My 67 has ac but everything is not there,Looking at aftermarket set up's it looks like you need to change everything on the inside also,so would it be better to just find what I need or get all new for a small sum of 1200.00


----------



## BearGFR (Aug 25, 2008)

Depends... how much of the original system do you have? Also "bear" in mind that if any of the components like the compressor, evaporator, condenser, etc. have been sitting open to the atmosphere for a long time they're probably toast - rusted inside. Another consideration is that the factory system was desiged and calibrated to run on R-12 refrigerant, not R134a. R12 is still available but you have to have a license to buy it, and even then it's hideously expensive. R12 systems can be converted to R134a, but some folks say they don't work as well that way.

My 69 was a factory air car, but when I put it back together I used an aftermarket kit instead. Don't be deceived, that's not an easy thing to do either, especially if you want to adapt the aftermarket kit to use your original factory controls.

You're in a little better position than I was though because companies like Vintage Air actually make kits for the 67.

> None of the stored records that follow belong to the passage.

(* Let $\mathbf M=(M,\vee_{\mathbf M},(\sqsubseteq^n_{\mathbf M})_{n\ge1})$ be a multi-argument specialization semilattice and let $\widetilde{\mathbf M}$, $K$ and $\upsilon_{\mathbf M}$ be as constructed in the context. Then: (1) $\widetilde{\mathbf M}$ is a principal regular multi-argument specialization semilattice. (2) $\upsilon_{\mathbf M}$ is an embedding of $\mathbf M$ into $\widetilde{\mathbf M}$. (3) For every principal regular multi-argument specialization semilattice $\mathbf T$ and every homomorphism $\eta:\mathbf M\to\mathbf T$ there is a unique $K$-homomorphism $\widetilde\eta:\widetilde{\mathbf M}\to\mathbf T$ such that $\widetilde\eta(\upsilon_{\mathbf M}(a))=\eta(a)$ for all $a\in M$. (4) If $\mathbf U$ is another multi-argument specialization semilattice and $\psi:\mathbf M\to\mathbf U$ is a homomorphism, then there is a unique $K$-homomorphism $\widetilde\psi:\widetilde{\mathbf M}\to\widetilde{\mathbf U}$ such that $\widetilde\psi(\upsilon_{\mathbf M}(a))=\upsilon_{\mathbf U}(\psi(a))$ for all $a\in M$ (where $\widetilde{\mathbf U},\upsilon_{\mathbf U}$ are constructed from $\mathbf U$ in the same way).
   Context: A multi-argument specialization semilattice is a join semilattice $(M,\vee)$ (order $a\le b$ iff $a\vee b=b$) with, for each $n\ge1$, an $(n+1)$-ary relation $a\sqsubseteq^n b_1,\dots,b_n$ (also written $a\sqsubseteq b_1,\dots,b_n$) such that: (M1) $a\sqsubseteq a$; (M2) $a\sqsubseteq b_1,\dots,b_n$ and $b_1\sqsubseteq c$ imply $a\sqsubseteq c,b_2,\dots,b_n$; (M3) $a\le b$ and $b\sqsubseteq c_1,\dots,c_m$ imply $a\sqsubseteq c_1,\dots,c_m$; (M4) $a\sqsubseteq b_1,\dots,b_n$ implies $a\sqsubseteq b_{\sigma1},\dots,b_{\sigma n}$ for every permutation $\sigma$; (M5) $a\sqsubseteq b_1,\dots,b_n,b_n$ implies $a\sqsubseteq b_1,\dots,b_n$; (M6) $a\sqsubseteq b_1,\dots,b_n$ implies $a\sqsubseteq b_1,\dots,b_n,b_{n+1}$; (M7) $a\sqsubseteq b_1,\dots,b_n$ and $a_1\sqsubseteq b_1,\dots,b_n$ imply $a\vee a_1\sqsubseteq b_1,\dots,b_n$. It is principal if for every $x$ there is a $\le$-largest $y$ with $y\sqsubseteq^1 x$, denoted $Kx$; a principal one is regular if $a\sqsubseteq^n b_1,\dots,b_n$ holds iff $a\le Kb_1\vee\dots\vee Kb_n$. A homomorphism is a join-preserving map $\varphi$ with $a\sqsubseteq^n b_1,\dots,b_n\Rightarrow\varphi(a)\sqsubseteq^n\varphi(b_1),\dots,\varphi(b_n)$ for all $n$; an embedding is an injective homomorphism for which the converse implications also hold. A $K$-homomorphism between principal ones is a homomorphism $\varphi$ with $\varphi(Ka)=K\varphi(a)$ for all $a$. Construction: let $M^{<\omega}$ be the set of finite subsets of $M$. On $M\times M^{<\omega}$ put $(a,\{b_1,\dots,b_h\})\precsim(c,\{d_1,\dots,d_k\})$ iff (a1) there is $d\in M$ with $d\sqsubseteq_{\mathbf M}d_1,\dots,d_k$ and $a\le_{\mathbf M}c\vee_{\mathbf M}d$ (if $k=0$ this reads $a\le_{\mathbf M}c$), and (a2) for every $i\le h$ there is $j\le k$ with $b_i\sqsubseteq^1_{\mathbf M}d_j$. Let $x\sim y$ iff $x\precsim y$ and $y\precsim x$ (an equivalence relation and a congruence for the product semilattice $(M,\vee_{\mathbf M})\times(M^{<\omega},\cup)$). Let $\widetilde M$ be the quotient, with classes $[a,\{b_1,\dots,b_h\}]$ and join $[a,\{b_1,\dots,b_h\}]\vee[c,\{d_1,\dots,d_k\}]=[a\vee_{\mathbf M}c,\{b_1,\dots,b_h,d_1,\dots,d_k\}]$, and $\le$ the induced order. Define $K[a,\{b_1,\dots,b_h\}]=[a,\{a\vee_{\mathbf M}b_1\vee_{\mathbf M}\dots\vee_{\mathbf M}b_h\}]$ (well defined). For $n\ge1$ define $x\sqsubseteq^n y_1,\dots,y_n$ in $\widetilde M$ iff $x\le Ky_1\vee\dots\vee Ky_n$. Set $\widetilde{\mathbf M}=(\widetilde M,\vee,(\sqsubseteq^n)_{n\ge1})$ and $\upsilon_{\mathbf M}(a)=[a,\emptyset]$ for $a\in M$. *)

theory Defs
  imports Main "HOL-Library.Multiset"
begin

text \<open>A multi-argument specialization semilattice is given by a carrier set M,
a binary join j, and a relation S a bs meaning a \<sqsubseteq>^n b_1,...,b_n where
bs = [b_1,...,b_n] (n = length bs \<ge> 1).\<close>

definition sle :: "('a \<Rightarrow> 'a \<Rightarrow> 'a) \<Rightarrow> 'a \<Rightarrow> 'a \<Rightarrow> bool" where
  "sle j a b \<longleftrightarrow> j a b = b"

fun joinl :: "('a \<Rightarrow> 'a \<Rightarrow> 'a) \<Rightarrow> 'a list \<Rightarrow> 'a" where
  "joinl j [] = undefined"
| "joinl j [x] = x"
| "joinl j (x # y # ys) = j x (joinl j (y # ys))"

definition mass :: "'a set \<Rightarrow> ('a \<Rightarrow> 'a \<Rightarrow> 'a) \<Rightarrow> ('a \<Rightarrow> 'a list \<Rightarrow> bool) \<Rightarrow> bool" where
  "mass M j S \<longleftrightarrow>
     (\<forall>a\<in>M. \<forall>b\<in>M. j a b \<in> M) \<and>
     (\<forall>a\<in>M. \<forall>b\<in>M. \<forall>c\<in>M. j (j a b) c = j a (j b c)) \<and>
     (\<forall>a\<in>M. \<forall>b\<in>M. j a b = j b a) \<and>
     (\<forall>a\<in>M. j a a = a) \<and>
     (\<forall>a bs. S a bs \<longrightarrow> a \<in> M \<and> bs \<noteq> [] \<and> set bs \<subseteq> M) \<and>
     (\<forall>a\<in>M. S a [a]) \<and>
     (\<forall>a b bs c. S a (b # bs) \<and> S b [c] \<longrightarrow> S a (c # bs)) \<and>
     (\<forall>a\<in>M. \<forall>b cs. sle j a b \<and> S b cs \<longrightarrow> S a cs) \<and>
     (\<forall>a bs bs'. S a bs \<and> mset bs' = mset bs \<longrightarrow> S a bs') \<and>
     (\<forall>a bs b. S a (bs @ [b, b]) \<longrightarrow> S a (bs @ [b])) \<and>
     (\<forall>a bs b. S a bs \<and> b \<in> M \<longrightarrow> S a (bs @ [b])) \<and>
     (\<forall>a a1 bs. S a bs \<and> S a1 bs \<longrightarrow> S (j a a1) bs)"

definition principal :: "'a set \<Rightarrow> ('a \<Rightarrow> 'a \<Rightarrow> 'a) \<Rightarrow> ('a \<Rightarrow> 'a list \<Rightarrow> bool) \<Rightarrow> bool" where
  "principal M j S \<longleftrightarrow> mass M j S \<and>
     (\<forall>x\<in>M. \<exists>y\<in>M. S y [x] \<and> (\<forall>z\<in>M. S z [x] \<longrightarrow> sle j z y))"

definition Kop :: "'a set \<Rightarrow> ('a \<Rightarrow> 'a \<Rightarrow> 'a) \<Rightarrow> ('a \<Rightarrow> 'a list \<Rightarrow> bool) \<Rightarrow> 'a \<Rightarrow> 'a" where
  "Kop M j S x = (THE y. y \<in> M \<and> S y [x] \<and> (\<forall>z\<in>M. S z [x] \<longrightarrow> sle j z y))"

definition regular :: "'a set \<Rightarrow> ('a \<Rightarrow> 'a \<Rightarrow> 'a) \<Rightarrow> ('a \<Rightarrow> 'a list \<Rightarrow> bool) \<Rightarrow> bool" where
  "regular M j S \<longleftrightarrow> principal M j S \<and>
     (\<forall>a bs. S a bs \<longleftrightarrow>
        (a \<in> M \<and> bs \<noteq> [] \<and> set bs \<subseteq> M \<and> sle j a (joinl j (map (Kop M j S) bs))))"

definition mhom :: "'a set \<Rightarrow> ('a \<Rightarrow> 'a \<Rightarrow> 'a) \<Rightarrow> ('a \<Rightarrow> 'a list \<Rightarrow> bool) \<Rightarrow>
    'b set \<Rightarrow> ('b \<Rightarrow> 'b \<Rightarrow> 'b) \<Rightarrow> ('b \<Rightarrow> 'b list \<Rightarrow> bool) \<Rightarrow> ('a \<Rightarrow> 'b) \<Rightarrow> bool" where
  "mhom M j S N k R f \<longleftrightarrow>
     (\<forall>a\<in>M. f a \<in> N) \<and>
     (\<forall>a\<in>M. \<forall>b\<in>M. f (j a b) = k (f a) (f b)) \<and>
     (\<forall>a bs. S a bs \<longrightarrow> R (f a) (map f bs))"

In your position, that's probably the route I'd choose.

Bear


----------



## geeteeohguy (Feb 2, 2008)

Okay, my take on it, being an_ expert_ as I've never owned a GTO with air conditioning: I originally lived on the CA coast all my life, and moved to the HOT central valley about 10 years ago. On the coast, most old cars do not have AC, so I never had a GTO that had it. Since moving to Fresno, I have met with and talked to other GTO guys, some of which have GTO's with factory AC., and some with aftermarket AC. I met one gent in his '60's who bought his '65 GTO new, with A/C. He converted it to Vintage Air using his original dash ducts and controls, so it looked all stock inside the car, and it actually looked much cleaner underhood with the newer- smaller- neater- better -engineered components. He said: With the stock GM system, it was fine up to an outside temperature of 95 degrees. Hotter than that, the A/C could not keep up, and it was uncomfortable. Since the change to Vintage Air, the car was comfortable even on 105 degree days. This is a Capri Gold car with a Black interior. I've worked on the original A/C systems with the POA valve, D6 compressor, etc. It's a heavy, complex, ponderous system. And it would be even less efficient with R134a. Go with the Vintage Air and use your original ducts, etc. JMHO..........


----------



## Eric Animal (Oct 28, 2007)

I used Vintage Air....They sell a kit to convert a factory A/C car to thier system. Everything retro fits well and they have excellent tech support.....the compressor is about the size of an alternator and much more efficent than the old ones. Plus that ton of "stuff" on the fire wall will all be gone. CALL THEM they will take the time to explain things. Eric:cheers


----------



## jetstang (Nov 5, 2008)

I talked to an AC guy at a swap meet and he said the factory compressor provides 200% CFM flow over the smaller sanden compressor and talked me out of using the new compressor. I haven't installed any AC yet. The POA valve runs the compressor all the time, and just regulates the pressure up or down upon demand, gas hog. You can convert it to a hi/low pressure switch and it turns the compressor off when not needed. Others have said the sanden is great, I have it on my Astro Van and it cools great, I am going to convert to it over the original myself, just have to do it.


----------